**PROMPT:** Scan the records for lines with the word "cball", and copy every such line.

**THE INPUT:**
****************

lemma integral_norm_eq_0_if_box_integrals_eq_0:
  fixes f :: "'a::euclidean_space \<Rightarrow> 'b::euclidean_space"
  assumes f: "f absolutely_integrable_on cbox a b"
    and zero: "\<And>u v. cbox u v \<subseteq> cbox a b \<Longrightarrow> integral (cbox u v) f = 0"
  shows "integral (cbox a b) (\<lambda>x. norm (f x)) = 0"
proof -
  let ?I = "integral (cbox a b) (\<lambda>x. norm (f x))"
  have fI: "f integrable_on cbox a b" and nI: "(\<lambda>x. norm (f x)) integrable_on cbox a b"
    using f by (auto simp: absolutely_integrable_on_def)
  text \<open>A fine tagged division makes the Riemann sum of \<open>|f|\<close> close to \<open>?I\<close> and, by the
    Henstock lemma, close to \<open>\<Sum>\<^sub>K |\<integral>\<^sub>K f| = 0\<close>. Here \<open>measure lborel K\<close> is the Henstock
    content of \<open>K\<close>; the name \<open>content\<close> is taken by \<open>Polynomial.content\<close>.\<close>
  have bound: "?I \<le> 2 * e" if "0 < e" for e
  proof -
    obtain \<gamma>1 where "gauge \<gamma>1" and \<gamma>1: "\<And>p. p tagged_partial_division_of cbox a b \<Longrightarrow> \<gamma>1 fine p \<Longrightarrow>
        (\<Sum>(x,K)\<in>p. norm (measure lborel K *\<^sub>R f x - integral K f)) < e"
      using Henstock_lemma[OF fI \<open>0 < e\<close>] by blast
    from has_integral[THEN iffD1, OF integrable_integral[OF nI], rule_format, OF \<open>0 < e\<close>]
    obtain \<gamma>2 where "gauge \<gamma>2" and \<gamma>2: "\<forall>p. p tagged_division_of cbox a b \<and> \<gamma>2 fine p \<longrightarrow>
        norm ((\<Sum>(x,K)\<in>p. measure lborel K *\<^sub>R norm (f x)) - ?I) < e"
      by blast
    obtain p where p: "p tagged_division_of cbox a b" and fine: "(\<lambda>x. \<gamma>1 x \<inter> \<gamma>2 x) fine p"
      using fine_division_exists[OF gauge_Int[OF \<open>gauge \<gamma>1\<close> \<open>gauge \<gamma>2\<close>]] by blast
    have "(\<Sum>(x,K)\<in>p. measure lborel K *\<^sub>R norm (f x))
        = (\<Sum>(x,K)\<in>p. norm (measure lborel K *\<^sub>R f x - integral K f))"
    proof (intro sum.cong refl, clarify)
      fix x K assume "(x, K) \<in> p"
      then obtain u v where "K = cbox u v" "K \<subseteq> cbox a b"
        using p by (meson tagged_division_ofD(3,4))
      then show "measure lborel K *\<^sub>R norm (f x) = norm (measure lborel K *\<^sub>R f x - integral K f)"
        using zero by simp
    qed
    also have "\<dots> < e"
      using \<gamma>1 p fine by (simp add: tagged_division_of_def fine_Int)
    finally have "(\<Sum>(x,K)\<in>p. measure lborel K *\<^sub>R norm (f x)) < e" .
    moreover have "norm ((\<Sum>(x,K)\<in>p. measure lborel K *\<^sub>R norm (f x)) - ?I) < e"
      using \<gamma>2 p fine by (simp add: fine_Int)
    ultimately show ?thesis unfolding real_norm_def by linarith
  qed
  have "?I \<le> 0"
  proof (rule field_le_epsilon)
    fix e :: real assume "0 < e"
    then show "?I \<le> 0 + e" using bound[of "e/2"] by simp
  qed
  moreover have "0 \<le> ?I"
    using nI by (intro integral_nonneg) auto
  ultimately show ?thesis by simp
qed

corollary AE_eq_0_if_box_integrals_eq_0:
  fixes f :: "'a::euclidean_space \<Rightarrow> 'b::euclidean_space"
  assumes "f absolutely_integrable_on cbox a b"
    and "\<And>u v. cbox u v \<subseteq> cbox a b \<Longrightarrow> integral (cbox u v) f = 0"
  shows "AE x in lebesgue. x \<in> cbox a b \<longrightarrow> f x = 0"
proof -
  have "AE x in lebesgue. x \<in> cbox a b \<longrightarrow> norm (f x) = 0"
    using assms integral_norm_eq_0_if_box_integrals_eq_0[OF assms]
    by (intro AE_eq_0_if_integral_eq_0) (auto simp: absolutely_integrable_on_def)
  then show ?thesis by simp
qed

lemma continuous_on_eq_if_AE_eq:
  fixes f g :: "real \<Rightarrow> 'a::real_normed_vector"
  assumes "continuous_on {a..b} f" "continuous_on {a..b} g" "a < b"
    and "AE x in lebesgue. x \<in> {a..b} \<longrightarrow> f x = g x"
  shows "\<forall>x\<in>{a..b}. f x = g x"
proof -
  let ?C = "{x \<in> {a..b}. f x - g x = 0}"
  have "closed ?C"
    using assms(1,2) by (intro continuous_closed_preimage_constant continuous_on_diff) auto
  moreover have "{a<..<b} \<subseteq> ?C"
  proof
    fix x assume "x \<in> {a<..<b}"
    moreover have "AE y \<in> {a<..<b} in lebesgue. y \<in> ?C"
      using assms(4) by eventually_elim auto
    ultimately show "x \<in> ?C"
      by (rule mem_closed_if_AE_lebesgue_open[OF open_greaterThanLessThan \<open>closed ?C\<close>, rotated])
  qed
  ultimately have "closure {a<..<b} \<subseteq> ?C"
    by (rule closure_minimal[rotated])
  then have "{a..b} \<subseteq> ?C"
    using \<open>a < b\<close> by simp
  then show ?thesis by (simp add: subset_iff)
qed

section \<open>Unit complex numbers and tangent vectors\<close>

lemma norm_exp_minus_1_minus_le:
  fixes z :: complex
  assumes "norm z \<le> 1/2"
  shows "norm (exp z - 1 - z) \<le> 3 * norm z * norm (exp z - 1)"
proof -
  have "norm ((exp z - z) - (exp 0 - 0)) \<le> 3/2 * norm z * norm (z - 0)"
  proof (rule field_differentiable_bound[of "cball 0 (norm z)"])
    fix w :: complex assume w: "w \<in> cball 0 (norm z)"
    show "((\<lambda>w. exp w - w) has_field_derivative exp w - 1) (at w within cball 0 (norm z))"
      by (auto intro!: derivative_eq_intros)
    have "norm (exp w - 1) \<le> 3/2 * norm w"
      using w assms by (intro norm_exp_bounds(2)) simp
    also have "\<dots> \<le> 3/2 * norm z" using w by simp
    finally show "norm (exp w - 1) \<le> 3/2 * norm z" .
  qed auto
  also have "\<dots> \<le> 3/2 * norm z * (2 * norm (exp z - 1))"
    using norm_exp_bounds(1)[OF assms] by (intro mult_left_mono) auto
  finally show ?thesis by (simp add: algebra_simps)
qed

lemma tangent_eq_i_mult:
  fixes F a :: complex
  assumes "norm F = 1" and "Re (cnj F * a) = 0"
  shows "a = \<i> * of_real (Im (cnj F * a)) * F"
proof -
  have "cnj F * a = \<i> * of_real (Im (cnj F * a))"
    using assms(2) by (simp add: complex_eq_iff)
  moreover have "F * cnj F = 1"
    using assms(1) by (simp add: complex_norm_square[symmetric] flip: of_real_power)
  ultimately show ?thesis
    by (metis mult.assoc mult.commute mult.left_neutral)
qed

lemma norm_diff_square_unit:
  fixes F G :: complex and x y :: real
  assumes "norm F = 1" "norm G = 1"
  shows "norm (of_real x * F - of_real y * G) ^ 2 = x^2 + y^2 - 2 * x * y * Re (F * cnj G)"
proof -
  have "norm (of_real x * F - of_real y * G) ^ 2
      = (x * Re F - y * Re G) ^ 2 + (x * Im F - y * Im G) ^ 2"
    by (simp add: cmod_power2)
  also have "\<dots> = x^2 * (Re F ^ 2 + Im F ^ 2) + y^2 * (Re G ^ 2 + Im G ^ 2)
      - 2 * x * y * Re (F * cnj G)"
    by (simp add: power2_eq_square algebra_simps)
  also have "\<dots> = x^2 + y^2 - 2 * x * y * Re (F * cnj G)"
    using assms cmod_power2[of F] cmod_power2[of G] by simp
  finally show ?thesis .
qed

lemma unit_eq_if_norm_diff_le:
  fixes F G :: complex and x y :: real
  assumes F: "norm F = 1" and G: "norm G = 1" and x: "0 < x"
    and le: "norm (of_real x * F - of_real y * G) \<le> y - x"
  shows "F = G"
proof -
  have "0 < y" using x le norm_ge_zero[of "of_real x * F - of_real y * G"] by linarith
  have "(norm (of_real x * F - of_real y * G)) ^ 2 \<le> (y - x) ^ 2"
    using le by (intro power_mono) auto
  then have "x * y * (1 - Re (F * cnj G)) \<le> 0"
    unfolding norm_diff_square_unit[OF F G] by (simp add: power2_eq_square algebra_simps)
  then have "1 \<le> Re (F * cnj G)"
    using x \<open>0 < y\<close> by (simp add: mult_le_0_iff zero_less_mult_iff)
  then have "norm (of_real 1 * F - of_real 1 * G) ^ 2 \<le> 0"
    unfolding norm_diff_square_unit[OF F G] by simp
  then show ?thesis by simp
qed

lemma norm_diff_ge_if_tangent:
  fixes F G a b :: complex and s :: real
  assumes "norm F = 1" "norm G = 1" "Re (cnj F * a) = 0" "s = 1 \<or> s = -1"
    and "0 \<le> s * Im (cnj F * a)"
  shows "s * Im (cnj G * b) - s * Im (cnj F * a) \<le> norm (a - b)"
proof -
  have "norm a = s * Im (cnj F * a)"
    using assms cmod_eq_Im[OF assms(3)] by (auto simp: norm_mult)
  moreover have "s * Im (cnj G * b) \<le> norm b"
    using abs_Im_le_cmod[of "cnj G * b"] assms by (auto simp: norm_mult)
  ultimately show ?thesis
    using norm_triangle_ineq2[of b a] by (simp add: norm_minus_commute)
qed

lemma eq_if_tangent_norm_diff_le:
  fixes F G a b :: complex and s :: real
  assumes F: "norm F = 1" and G: "norm G = 1"
    and tangent: "Re (cnj F * a) = 0" "Re (cnj G * b) = 0" and s: "s = 1 \<or> s = -1"
    and pos: "0 < s * Im (cnj F * a)"
    and le: "norm (a - b) \<le> s * Im (cnj G * b) - s * Im (cnj F * a)"
  shows "F = G"
proof -
  define A B where "A = Im (cnj F * a)" and "B = Im (cnj G * b)"
  have a: "a = \<i> * of_real A * F" and b: "b = \<i> * of_real B * G"
    using tangent_eq_i_mult[OF F tangent(1)] tangent_eq_i_mult[OF G tangent(2)]
    by (simp_all add: A_def B_def)
  have "\<i> * of_real s * (of_real (s * A) * F - of_real (s * B) * G)
      = \<i> * of_real (s * s) * (of_real A * F - of_real B * G)"
    by (simp add: algebra_simps)
  also have "\<dots> = a - b"
    using s by (auto simp: a b algebra_simps)
  finally have "a - b = \<i> * of_real s * (of_real (s * A) * F - of_real (s * B) * G)"
    by (rule sym)
  then have "norm (a - b) = norm (\<i> * of_real s) * norm (of_real (s * A) * F - of_real (s * B) * G)"
    by (simp only: norm_mult)
  moreover have "norm (\<i> * of_real s) = 1"
    using s by auto
  ultimately have "norm (of_real (s * A) * F - of_real (s * B) * G) = norm (a - b)"
    by simp
  with le have "norm (of_real (s * A) * F - of_real (s * B) * G) \<le> s * B - s * A"
    by (simp add: A_def B_def)
  moreover have "0 < s * A"
    using pos by (simp add: A_def)
  ultimately show ?thesis
    by (intro unit_eq_if_norm_diff_le[OF F G])
qed

section \<open>Unimodular primitives with a continuous logarithm\<close>

locale unit_primitive_lift =
  fixes a b :: real and G \<phi> Q :: "real \<Rightarrow> complex"
  assumes integrable: "\<phi> absolutely_integrable_on {a..b}"
    and primitive: "\<And>t. t \<in> {a..b} \<Longrightarrow> G t = G a + integral {a..t} \<phi>"
    and lift: "\<And>t. t \<in> {a..b} \<Longrightarrow> G t = exp (Q t)"
    and Re_lift: "\<And>t. t \<in> {a..b} \<Longrightarrow> Re (Q t) = 0"
    and continuous_lift: "continuous_on {a..b} Q"
begin

lemma integrable_subinterval:
  assumes "a \<le> u" "v \<le> b"
  shows "\<phi> integrable_on {u..v}" "(\<lambda>t. norm (\<phi> t)) integrable_on {u..v}"
  using integrable assms
  by (auto simp: absolutely_integrable_on_def intro: integrable_on_subinterval)

lemma G_diff:
  assumes "a \<le> u" "u \<le> v" "v \<le> b"
  shows "G v - G u = integral {u..v} \<phi>"
proof -
  have "integral {a..u} \<phi> + integral {u..v} \<phi> = integral {a..v} \<phi>"
    using assms integrable_subinterval(1)[of a v]
    by (intro Henstock_Kurzweil_Integration.integral_combine) auto
  then show ?thesis
    using assms primitive[of u] primitive[of v] by (simp add: algebra_simps)
qed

****************

**EXPECTED ANSWER:**
  proof (rule field_differentiable_bound[of "cball 0 (norm z)"])
    fix w :: complex assume w: "w \<in> cball 0 (norm z)"
    show "((\<lambda>w. exp w - w) has_field_derivative exp w - 1) (at w within cball 0 (norm z))"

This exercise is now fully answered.